Dataset records section start
(* Let $X$ and $Y$ be random variables such that $Y$ is absolutely continuous with a bounded density $f$, and set $M:=\sup_{y\in\mathbb R}|f(y)|$. Let $1\le p<\infty$, and assume $X$ and $Y$ have finite $p$th absolute moments. Then $$d_{KS}(X,Y)\le (p+1)^{1/(p+1)}\big(M\,d_p(X,Y)\big)^{p/(p+1)}.$$
   Context: $d_{KS}(X,Y):=\sup_{x\in\mathbb R}|P(X\le x)-P(Y\le x)|$ is the Kolmogorov–Smirnov distance. $d_p(X,Y):=\min\|X'-Y'\|_p$, the minimum taken over all couplings $(X',Y')$ with $X'\stackrel{d}{=}X$ and $Y'\stackrel{d}{=}Y$. *)

theory Defs
  imports "HOL-Probability.Probability"
begin

definition law :: "'a measure \<Rightarrow> ('a \<Rightarrow> real) \<Rightarrow> real measure" where
  "law M X = distr M borel X"

definition d_KS :: "'a measure \<Rightarrow> ('a \<Rightarrow> real) \<Rightarrow> ('a \<Rightarrow> real) \<Rightarrow> real" where
  "d_KS M X Y = (SUP x::real. \<bar>prob_space.prob M {\<omega>\<in>space M. X \<omega> \<le> x}
                              - prob_space.prob M {\<omega>\<in>space M. Y \<omega> \<le> x}\<bar>)"

text \<open>Couplings of two laws: probability measures on R x R with the given marginals.
  A coupling (X',Y') is identified with its joint law.\<close>
definition couplings :: "real measure \<Rightarrow> real measure \<Rightarrow> (real \<times> real) measure set" where
  "couplings \<mu> \<nu> = {\<pi>. prob_space \<pi> \<and> sets \<pi> = sets (borel :: (real \<times> real) measure)
                        \<and> distr \<pi> borel fst = \<mu> \<and> distr \<pi> borel snd = \<nu>}"
text \<open>At each moment the environment changes only external functions, so
  \<open>\<rho> t\<close> agrees with its left limit on \<open>DL\<close> and \<open>Dir\<close>, while the modules act only on the right
  limit \<open>rval \<rho> t\<close>.\<close>

lemma run_invariant_after:
  assumes run: "is_run dclose dopen dmin \<rho>" and "0 \<le> a"
    and transfer: "\<And>s t S S'. \<Phi> s S \<Longrightarrow> s \<le> t \<Longrightarrow> DL S' = DL S \<Longrightarrow> Dir S' = Dir S \<Longrightarrow> \<Phi> t S'"
    and start: "\<Phi> a (rval \<rho> a)"
    and step: "\<And>t. a < t \<Longrightarrow> t < b \<Longrightarrow> (\<And>s. a < s \<Longrightarrow> s \<le> t \<Longrightarrow> \<Phi> s (\<rho> s)) \<Longrightarrow> \<Phi> t (rval \<rho> t)"
    and "a < t" "t < b"
  shows "\<Phi> t (\<rho> t)"
proof -
  have pre: "pre_run \<rho>" using run by (rule is_run_pre_run)
  let ?P = "\<lambda>t. a < t \<and> t < b \<longrightarrow> \<Phi> t (\<rho> t)"
  have "?P t"
  proof (rule real_induct_ge[of a])
    fix t assume IH: "\<And>u. a \<le> u \<Longrightarrow> u < t \<Longrightarrow> ?P u"
    show "?P t"
    proof
      assume t: "a < t \<and> t < b"
      then obtain s where s: "a < s" "s < t" "\<rho> s = lval \<rho> t"
        using pre_run_lval_between[OF pre \<open>0 \<le> a\<close>] by blast
      then have "\<Phi> s (lval \<rho> t)" using IH[of s] t by auto
      moreover have "DL (\<rho> t) = DL (lval \<rho> t)" "Dir (\<rho> t) = Dir (lval \<rho> t)"
        using run_lval_internal[OF run, of t] t \<open>0 \<le> a\<close> by simp_all
      ultimately show "\<Phi> t (\<rho> t)" using transfer \<open>s < t\<close> by (simp add: less_imp_le)
    qed
  next
    fix t assume "a \<le> t" and IH: "\<And>u. a \<le> u \<Longrightarrow> u \<le> t \<Longrightarrow> ?P u"
    have after_t: "\<Phi> t (rval \<rho> t)" if "t < b"
    proof (cases "t = a")
      case False
      then show ?thesis using step[of t] IH \<open>a \<le> t\<close> \<open>t < b\<close> by auto
    qed (use start in simp)
    obtain e where "e > 0" and e: "\<forall>s. t < s \<and> s < t + e \<longrightarrow> \<rho> s = rval \<rho> t"
      using pre_run_rval[OF pre, of t] \<open>0 \<le> a\<close> \<open>a \<le> t\<close> by auto
    have "?P s" if "t < s" "s < t + e" for s
    proof
      assume "a < s \<and> s < b"
      then have "\<Phi> t (rval \<rho> t)" using after_t \<open>t < s\<close> by simp
      moreover have "\<rho> s = rval \<rho> t" using e that by simp
      ultimately show "\<Phi> s (\<rho> s)" using transfer \<open>t < s\<close> by (simp add: less_imp_le)
    qed
    with \<open>e > 0\<close> show "\<exists>e>0. \<forall>s. t < s \<and> s < t + e \<longrightarrow> ?P s" by blast
  qed (use \<open>a < t\<close> in simp)
  with \<open>a < t\<close> \<open>t < b\<close> show ?thesis by simp
qed

lemma run_invariant_from:
  assumes run: "is_run dclose dopen dmin \<rho>" and "0 \<le> a"
    and transfer: "\<And>s t S S'. \<Phi> s S \<Longrightarrow> s \<le> t \<Longrightarrow> DL S' = DL S \<Longrightarrow> Dir S' = Dir S \<Longrightarrow> \<Phi> t S'"
    and start: "\<Phi> a (\<rho> a)"
    and step: "\<And>t. a \<le> t \<Longrightarrow> t < b \<Longrightarrow> (\<And>s. a \<le> s \<Longrightarrow> s \<le> t \<Longrightarrow> \<Phi> s (\<rho> s)) \<Longrightarrow> \<Phi> t (rval \<rho> t)"
    and "a \<le> t" "t < b"
  shows "\<Phi> t (\<rho> t)"
proof (cases "t = a")
  case False
  show ?thesis
  proof (rule run_invariant_after[where b = b and \<Phi> = \<Phi>])
    show "\<Phi> a (rval \<rho> a)" using step[of a] start \<open>a \<le> t\<close> \<open>t < b\<close> by auto
  next
    fix u assume "a < u" "u < b" and IH: "\<And>s. a < s \<Longrightarrow> s \<le> u \<Longrightarrow> \<Phi> s (\<rho> s)"
    have "\<Phi> s (\<rho> s)" if "a \<le> s" "s \<le> u" for s
      using IH[of s] start that by (cases "s = a") auto
    then show "\<Phi> u (rval \<rho> u)" using step[of u] \<open>a < u\<close> \<open>u < b\<close> by simp
  qed (use run \<open>0 \<le> a\<close> transfer False \<open>a \<le> t\<close> \<open>t < b\<close> in auto)
qed (use start in simp)

lemma run_becomes_Dir:
  assumes "is_run dclose dopen dmin \<rho>" "becomes \<rho> Dir d t"
  shows "Dir (\<rho> t) \<noteq> d" "Dir (rval \<rho> t) = d"
  using assms run_lval_internal(2)[OF assms(1), of t] unfolding becomes_def by auto

lemma run_Dir_Close_deadline:
  assumes "is_run dclose dopen dmin \<rho>" "0 \<le> t" "Dir (\<rho> t) \<noteq> Close" "Dir (rval \<rho> t) = Close"
  obtains x where "DL (\<rho> t) x = Fin t"
  using run_rval_Dir_cases[OF assms(1,2)] assms(3,4) that by (auto simp: UDir_mem_upds_Controller)

lemma run_deadline_stays_while_coming:
  assumes run: "is_run dclose dopen dmin \<rho>" and "0 \<le> a" "DL (\<rho> a) x = Fin d"
    and coming: "\<forall>s. a \<le> s \<and> s < b \<longrightarrow> TS (\<rho> s) x = Coming"
    and "a \<le> t" "t < b"
  shows "DL (\<rho> t) x = Fin d"
proof (rule run_invariant_from[where \<Phi> = "\<lambda>_ S. DL S x = Fin d", OF run \<open>0 \<le> a\<close>])
  fix u assume "a \<le> u" "u < b" "\<And>s. a \<le> s \<Longrightarrow> s \<le> u \<Longrightarrow> DL (\<rho> s) x = Fin d"
  then show "DL (rval \<rho> u) x = Fin d"
    using run_rval_DL_keep[OF run, of u x] coming \<open>0 \<le> a\<close> by auto
qed (use assms in auto)

lemma run_Dir_stays_Close:
  assumes run: "is_run dclose dopen dmin \<rho>" and "0 \<le> a" "Dir (rval \<rho> a) = Close"
    and unsafe: "\<forall>s. a < s \<and> s < b \<longrightarrow> \<not> SafeToOpen dopen s (\<rho> s)"
    and "a < t" "t < b"
  shows "Dir (\<rho> t) = Close"
proof (rule run_invariant_after[where \<Phi> = "\<lambda>_ S. Dir S = Close", OF run \<open>0 \<le> a\<close>])
  fix u assume "a < u" "u < b" "\<And>s. a < s \<Longrightarrow> s \<le> u \<Longrightarrow> Dir (\<rho> s) = Close"
  then show "Dir (rval \<rho> u) = Close"
    using run_rval_Dir_cases[OF run, of u] unsafe \<open>0 \<le> a\<close>
    by (auto simp: UDir_mem_upds_Controller)
qed (use assms in auto)

lemma significant_moments_grow:
  fixes ts :: "nat \<Rightarrow> real"
  assumes "ts 0 = 0" "\<And>i. ts i < ts (Suc i)" "\<And>i. dmin \<le> ts (3*i+2) - ts (3*i+1)"
  shows "real i * dmin \<le> ts (3*i)"
proof (induction i)
  case (Suc i)
  have "3*i+3 = Suc (3*i+2)" by simp
  then have "ts (3*i) < ts (3*i+1)" "ts (3*i+2) < ts (3*i+3)"
    using assms(2) by (metis Suc_eq_plus1)+
  with Suc.IH assms(3)[of i] show ?case by (simp add: algebra_simps)
qed (simp add: assms(1))

lemma significant_moment_before:
  fixes ts :: "nat \<Rightarrow> real"
  assumes D_def: "D = (\<lambda>i. case fin of None \<Rightarrow> True | Some k \<Rightarrow> i \<le> k)"
    and "ts 0 = 0" and incr: "\<forall>i. D (Suc i) \<longrightarrow> ts i < ts (Suc i)"
    and long: "\<forall>i. D (3*i+2) \<longrightarrow> dmin \<le> ts (3*i+2) - ts (3*i+1)"
    and "0 < dmin" "0 \<le> t"
  obtains k where "D k" "ts k \<le> t" "D (Suc k) \<Longrightarrow> t < ts (Suc k)"
proof (cases fin)
  case (Some K)
  show thesis
  proof (cases "ts K \<le> t")
    case False
    then obtain i where "i < K" "ts i \<le> t" "t < ts (Suc i)"
      using ex_bracketing_index[of ts t K] \<open>ts 0 = 0\<close> \<open>0 \<le> t\<close> by auto
    with Some show thesis by (intro that[of i]) (auto simp: D_def)
  qed (use Some in \<open>auto intro: that simp: D_def\<close>)
next
  case None
  then have "ts i < ts (Suc i)" "dmin \<le> ts (3*i+2) - ts (3*i+1)" for i
    using incr long by (simp_all add: D_def)
  then have grow: "real n * dmin \<le> ts (3*n)" for n
    using significant_moments_grow \<open>ts 0 = 0\<close> by blast
  obtain n where "t < real n * dmin" using ex_less_of_nat_mult[OF \<open>0 < dmin\<close>] by blast
  then obtain i where "ts i \<le> t" "t < ts (Suc i)"
    using ex_bracketing_index[of ts t "3*n"] grow[of n] \<open>ts 0 = 0\<close> \<open>0 \<le> t\<close> by force
  with None show thesis by (intro that[of i]) (simp_all add: D_def)
qed

lemma status_coming_interval:
  fixes ts :: "nat \<Rightarrow> real" and status :: "real \<Rightarrow> tstat"
  assumes D_def: "D = (\<lambda>i. case fin of None \<Rightarrow> True | Some k \<Rightarrow> i \<le> k)"
    and "ts 0 = 0" and incr: "\<forall>i. D (Suc i) \<longrightarrow> ts i < ts (Suc i)"
    and empty: "\<forall>i. D (3*i+1) \<longrightarrow> (\<forall>s. ts (3*i) \<le> s \<and> s < ts (3*i+1) \<longrightarrow> status s = Empty)"
    and coming: "\<forall>i. D (3*i+2) \<longrightarrow> (\<forall>s. ts (3*i+1) \<le> s \<and> s < ts (3*i+2) \<longrightarrow> status s = Coming) \<and>
                   dmin \<le> ts (3*i+2) - ts (3*i+1) \<and> ts (3*i+2) - ts (3*i+1) \<le> dmax"
    and crossing: "\<forall>i. D (3*i+3) \<longrightarrow> (\<forall>s. ts (3*i+2) \<le> s \<and> s < ts (3*i+3) \<longrightarrow> status s = Incrossing)"
    and final: "\<forall>k. fin = Some k \<longrightarrow> 3 dvd k \<and> (\<forall>s. ts k \<le> s \<longrightarrow> status s = Empty)"
    and "0 < dmin" "0 \<le> t" "status t = Coming"
  obtains c e where "0 \<le> c" "c \<le> t" "t < e" "dmin \<le> e - c" "\<forall>s. c \<le> s \<and> s < e \<longrightarrow> status s = Coming"
proof -
  have ts_nonneg: "D k \<Longrightarrow> 0 \<le> ts k" for k
  proof (induction k)
    case (Suc k)
    then have "D k" by (simp add: D_def split: option.splits)
    with Suc incr show ?case by force
  qed (simp add: \<open>ts 0 = 0\<close>)
  obtain k where k: "D k" "ts k \<le> t" "D (Suc k) \<Longrightarrow> t < ts (Suc k)"
    using significant_moment_before[OF D_def \<open>ts 0 = 0\<close> incr _ \<open>0 < dmin\<close> \<open>0 \<le> t\<close>] coming
    by blast
  have "D (Suc k)"
  proof (rule ccontr)
    assume "\<not> D (Suc k)"
    with \<open>D k\<close> have "fin = Some k" by (simp add: D_def split: option.splits)
    with final \<open>ts k \<le> t\<close> \<open>status t = Coming\<close> show False by auto
  qed
  with k have "t < ts (Suc k)" by simp
  have "\<exists>i. k = 3*i \<or> k = 3*i+1 \<or> k = 3*i+2" by presburger
  then obtain i where "k = 3*i \<or> k = 3*i+1 \<or> k = 3*i+2" by blast
  then consider "k = 3*i" | "k = 3*i+2" | "k = 3*i+1" by blast
  then show thesis
  proof cases
    case 1
    with empty \<open>D (Suc k)\<close> k(2) \<open>t < ts (Suc k)\<close> \<open>status t = Coming\<close> show thesis by auto
  next
    case 2
    then have "Suc k = 3*i+3" by simp
    with \<open>D (Suc k)\<close> \<open>t < ts (Suc k)\<close> have "D (3*i+3)" "t < ts (3*i+3)" by simp_all
    moreover have "ts (3*i+2) \<le> t" using k(2) 2 by simp
    ultimately have "status t = Incrossing" using crossing by blast
    with \<open>status t = Coming\<close> show thesis by simp
  next
    case 3
    with coming \<open>D (Suc k)\<close> have "\<forall>s. ts k \<le> s \<and> s < ts (Suc k) \<longrightarrow> status s = Coming"
      and "dmin \<le> ts (Suc k) - ts k" by auto
    with ts_nonneg[OF \<open>D k\<close>] k(2) \<open>t < ts (Suc k)\<close> show thesis by (intro that) auto
  qed
qed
Dataset records section end
* _Your objective_
The lines of the data, from the first through the one containing "distr M borel", are to be transcribed exactly.

* _Answer box_
(* Let $X$ and $Y$ be random variables such that $Y$ is absolutely continuous with a bounded density $f$, and set $M:=\sup_{y\in\mathbb R}|f(y)|$. Let $1\le p<\infty$, and assume $X$ and $Y$ have finite $p$th absolute moments. Then $$d_{KS}(X,Y)\le (p+1)^{1/(p+1)}\big(M\,d_p(X,Y)\big)^{p/(p+1)}.$$
   Context: $d_{KS}(X,Y):=\sup_{x\in\mathbb R}|P(X\le x)-P(Y\le x)|$ is the Kolmogorov–Smirnov distance. $d_p(X,Y):=\min\|X'-Y'\|_p$, the minimum taken over all couplings $(X',Y')$ with $X'\stackrel{d}{=}X$ and $Y'\stackrel{d}{=}Y$. *)

theory Defs
  imports "HOL-Probability.Probability"
begin

definition law :: "'a measure \<Rightarrow> ('a \<Rightarrow> real) \<Rightarrow> real measure" where
  "law M X = distr M borel X"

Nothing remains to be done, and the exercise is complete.